Примечание
блеск фонарей - сова
«8 марта 2065 года. Молчание близких ранит сильнее всего»
Днем на поле за городом фестиваль. Яркий, с лентами, играми и сладостями. Вечером просмотр фильмов на площади. Погода будто тоже празднует, еще со вчерашнего дня тепло по-весеннему, солнце выглядывает из-за высоких деревьев, закрывающих окна квартиры от прямого света.
– Не пойдешь никуда? Полдня прошло, а ты дома. – спрашивает мама, забирая из рук Есении вымытые тарелки. За стеной в ванной шумит стиральная машинка. Праздник праздником, а весенняя уборка по расписанию. Но Есении нравится это. Она так скучала.
– Пойду. Лия позвала прогуляться.
Мама гладит ее по плечу, проходя к выходу из кухни, смотрит ласково. Недели не хватило им, чтобы вспомнить, как это: говорить друг с другом. Кажется, будто и не выйдет ничего из этого. Маша совсем замкнулась в себе, ходит тенью.

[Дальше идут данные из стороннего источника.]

lemma outer_normal_eq:
  assumes "sph_tetra_vertices p" and "\<And>j. j \<noteq> i \<Longrightarrow> w \<bullet> p j = 0" and "w \<bullet> p i < 0"
  shows "outer_normal p i = (1 / norm w) *\<^sub>R w"
  unfolding outer_normal_def
proof (rule the_equality)
  show "norm ((1 / norm w) *\<^sub>R w) = 1 \<and> (\<forall>j. j \<noteq> i \<longrightarrow> (1 / norm w) *\<^sub>R w \<bullet> p j = 0)
      \<and> (1 / norm w) *\<^sub>R w \<bullet> p i < 0"
    using assms(2,3) by (auto simp: divide_less_0_iff)
next
  fix v assume v: "norm v = 1 \<and> (\<forall>j. j \<noteq> i \<longrightarrow> v \<bullet> p j = 0) \<and> v \<bullet> p i < 0"
  define t where "t = (v \<bullet> p i) / (w \<bullet> p i)"
  have "(v - t *\<^sub>R w) \<bullet> p j = 0" for j
    using v assms(2,3) by (cases "j = i") (auto simp: t_def inner_diff_left)
  then have vt: "v = t *\<^sub>R w" using orthogonal_to_vertices_eq_0 [OF assms(1)] by force
  have "t > 0" using v assms(3) by (simp add: t_def divide_neg_neg)
  moreover have "w \<noteq> 0" using assms(3) by auto
  ultimately have "t = 1 / norm w" using v vt by (auto simp: field_simps)
  then show "v = (1 / norm w) *\<^sub>R w" using vt by simp
qed

lemma inner_vertices_sq_less_1:
  assumes "sph_tetra_vertices p" and "i \<noteq> j"
  shows "(p i \<bullet> p j)^2 < 1"
proof -
  define t where "t = p i \<bullet> p j"
  have unit: "norm (p i) = 1" "norm (p j) = 1" using assms(1) unfolding sph_tetra_vertices_def by auto
  have "p i \<bullet> p i = 1" "p j \<bullet> p j = 1" using unit by (simp_all add: dot_square_norm)
  then have "(p i - t *\<^sub>R p j) \<bullet> (p i - t *\<^sub>R p j) = 1 - t^2"
    by (simp add: t_def inner_commute algebra_simps power2_eq_square)
  moreover have "p i - t *\<^sub>R p j \<noteq> 0"
    using vertex_pair_independent(1) [OF assms, of 1 "- t"] by auto
  ultimately show ?thesis unfolding t_def by (metis inner_gt_zero_iff diff_gt_0_iff_gt)
qed

lemma edge_matrix_eq_inner:
  assumes "sph_tetra_vertices p"
  shows "edge_matrix p = (\<chi> i j. p i \<bullet> p j)"
proof -
  have unit: "norm (p i) = 1" for i using assms unfolding sph_tetra_vertices_def by auto
  then have "\<bar>p i \<bullet> p j\<bar> \<le> 1" for i j by (metis Cauchy_Schwarz_ineq2 mult_1)
  then show ?thesis
    unfolding edge_matrix_def edge_len_def using unit
    by (simp add: vec_eq_iff abs_le_iff dot_square_norm)
qed

lemma det_edge_matrix_pos:
  assumes "sph_tetra_vertices p"
  shows "det (edge_matrix p) > 0"
proof -
  define P :: "real^4^4" where "P = (\<chi> i. p i)"
  have "edge_matrix p = P ** transpose P"
    unfolding edge_matrix_eq_inner [OF assms] P_def
    by (simp add: vec_eq_iff matrix_matrix_mult_def transpose_def inner_vec_def mult.commute)
  then have det: "det (edge_matrix p) = det P ^ 2" by (simp add: det_mul power2_eq_square)
  have "\<forall>c. (\<Sum>i\<in>UNIV. c i *s row i P) = 0 \<longrightarrow> (\<forall>i. c i = 0)"
    using vertex_combination_eq_0 [OF assms]
    by (simp add: P_def row_def scalar_mult_eq_scaleR)
  then have "invertible P"
    unfolding invertible_right_inverse by (simp add: matrix_right_invertible_independent_rows)
  then show ?thesis unfolding det by (simp add: invertible_det_nz)
qed

text \<open>\<open>K\<close> is a multiple of the adjugate of the edge matrix. Its rows, read in the vertex frame, are
  normals: \<open>w i \<bullet> p j = - \<delta> \<cdot> [i = j]\<close>, hence \<open>w i \<bullet> w j = \<delta> \<cdot> K$j$i\<close>.\<close>

lemma outer_normals_from_inverse:
  assumes tv: "sph_tetra_vertices p" and K: "K ** edge_matrix p = \<delta> *\<^sub>R mat 1" and "\<delta> > 0"
  shows "K$i$i > 0"
    and "outer_normal p i \<bullet> outer_normal p j = K$j$i / (sqrt (K$i$i) * sqrt (K$j$j))"
proof -
  define w where "w i = - (\<Sum>k\<in>UNIV. K$i$k *\<^sub>R p k)" for i
  have wp: "w i \<bullet> p j = (if i = j then - \<delta> else 0)" for i j
  proof -
    have "w i \<bullet> p j = - (\<Sum>k\<in>UNIV. K$i$k * edge_matrix p $ k $ j)"
      by (simp add: w_def edge_matrix_eq_inner [OF tv] inner_sum_left)
    also have "\<dots> = - (\<delta> *\<^sub>R mat 1 :: real^4^4) $ i $ j"
      by (simp flip: K add: matrix_matrix_mult_def)
    finally show ?thesis by (simp add: mat_def)
  qed
  have ww: "w i \<bullet> w j = \<delta> * K$j$i" for i j
  proof -
    have "w i \<bullet> w j = - (\<Sum>k\<in>UNIV. K$j$k * (w i \<bullet> p k))"
      by (simp add: w_def [of j] inner_sum_right)
    also have "\<dots> = \<delta> * K$j$i"
      by (simp add: wp if_distrib [of "\<lambda>x. _ * x"] cong: if_cong)
    finally show ?thesis .
  qed
  have w_pos: "norm (w i) > 0" for i
    using wp [of i i] \<open>\<delta> > 0\<close> by auto
  show K_pos: "K$i$i > 0" for i
  proof -
    have "\<delta> * K$i$i > 0" using w_pos [of i] by (simp flip: ww)
    then show ?thesis using \<open>\<delta> > 0\<close> by (simp add: zero_less_mult_iff)
  qed
  have normal: "outer_normal p i = (1 / norm (w i)) *\<^sub>R w i" for i
    by (rule outer_normal_eq [OF tv]) (use wp \<open>\<delta> > 0\<close> in auto)
  have norm_w: "norm (w i) = sqrt \<delta> * sqrt (K$i$i)" for i
    by (simp add: norm_eq_sqrt_inner ww real_sqrt_mult)
  have "outer_normal p i \<bullet> outer_normal p j = (w i \<bullet> w j) / (norm (w i) * norm (w j))"
    by (simp add: normal)
  also have "norm (w i) * norm (w j) = (sqrt \<delta> * sqrt \<delta>) * (sqrt (K$i$i) * sqrt (K$j$j))"
    by (simp add: norm_w ac_simps)
  also have "sqrt \<delta> * sqrt \<delta> = \<delta>" using \<open>\<delta> > 0\<close> by simp
  also have "w i \<bullet> w j = \<delta> * K$j$i" by (rule ww)
  finally show "outer_normal p i \<bullet> outer_normal p j = K$j$i / (sqrt (K$i$i) * sqrt (K$j$j))"
    using \<open>\<delta> > 0\<close> by simp
qed

lemma dihedral_from_inverse:
  assumes "sph_tetra_vertices p" and "K ** edge_matrix p = \<delta> *\<^sub>R mat 1" and "\<delta> > 0"
  shows "dihedral p i j = arccos (- (K$j$i / (sqrt (K$i$i) * sqrt (K$j$j))))"
  unfolding dihedral_def outer_normals_from_inverse [OF assms] ..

Есения чувствует, как ее проглатывает это затворничество.
Лия ждет у подъезда, они бездумно ходят по улицам, обсуждают какие-то мелочи. Лия заметно отвлечена и явно знает, что не одна она.
– Когда ты вернулась? – интересуется Есения, опомнившись. Кажется, у Лии в планах было оставаться у родственников почти до лета, почему же внезапно здесь?
– Вчера днем. Скорбящим не стоит оставаться одним. – Лия выдает какое-то странное выражение на лице, убирает за уши волосы, поправляет сумку на плече. Она мягкая, с цветным, весенним принтом.
– У тебя кто-то из знакомых Скорбящий? – Есения не очень понимает их. Кто-то, как Маша и Лия, участвует в процессиях, в которых можно встретить женщин и девочек – любых возрастов, они проходят маршем по главной улице города, празднуя свою свободу, не отнятую у них только благодаря отважной женщине, которая даже реставраторкой не была. Они устраивают круглые столы, выдвигают предложения городскому совету, но перед этим – устраивают «Час памяти». Час, когда каждая может оставить цветок – только живой, только из своего горшочка, только выращенный своими руками – у памятника и рассказать, какую роль в ее жизни сыграла Андромеда. Цветок – жизнь, и заставленный цветами постамент напоминает о том, что эту жизнь нельзя отнять. Они принадлежат лишь самим себе, никому больше. Цветы потом забирают и высаживают -- или украшают ими подоконники. Жизнь продолжается, но они помнят.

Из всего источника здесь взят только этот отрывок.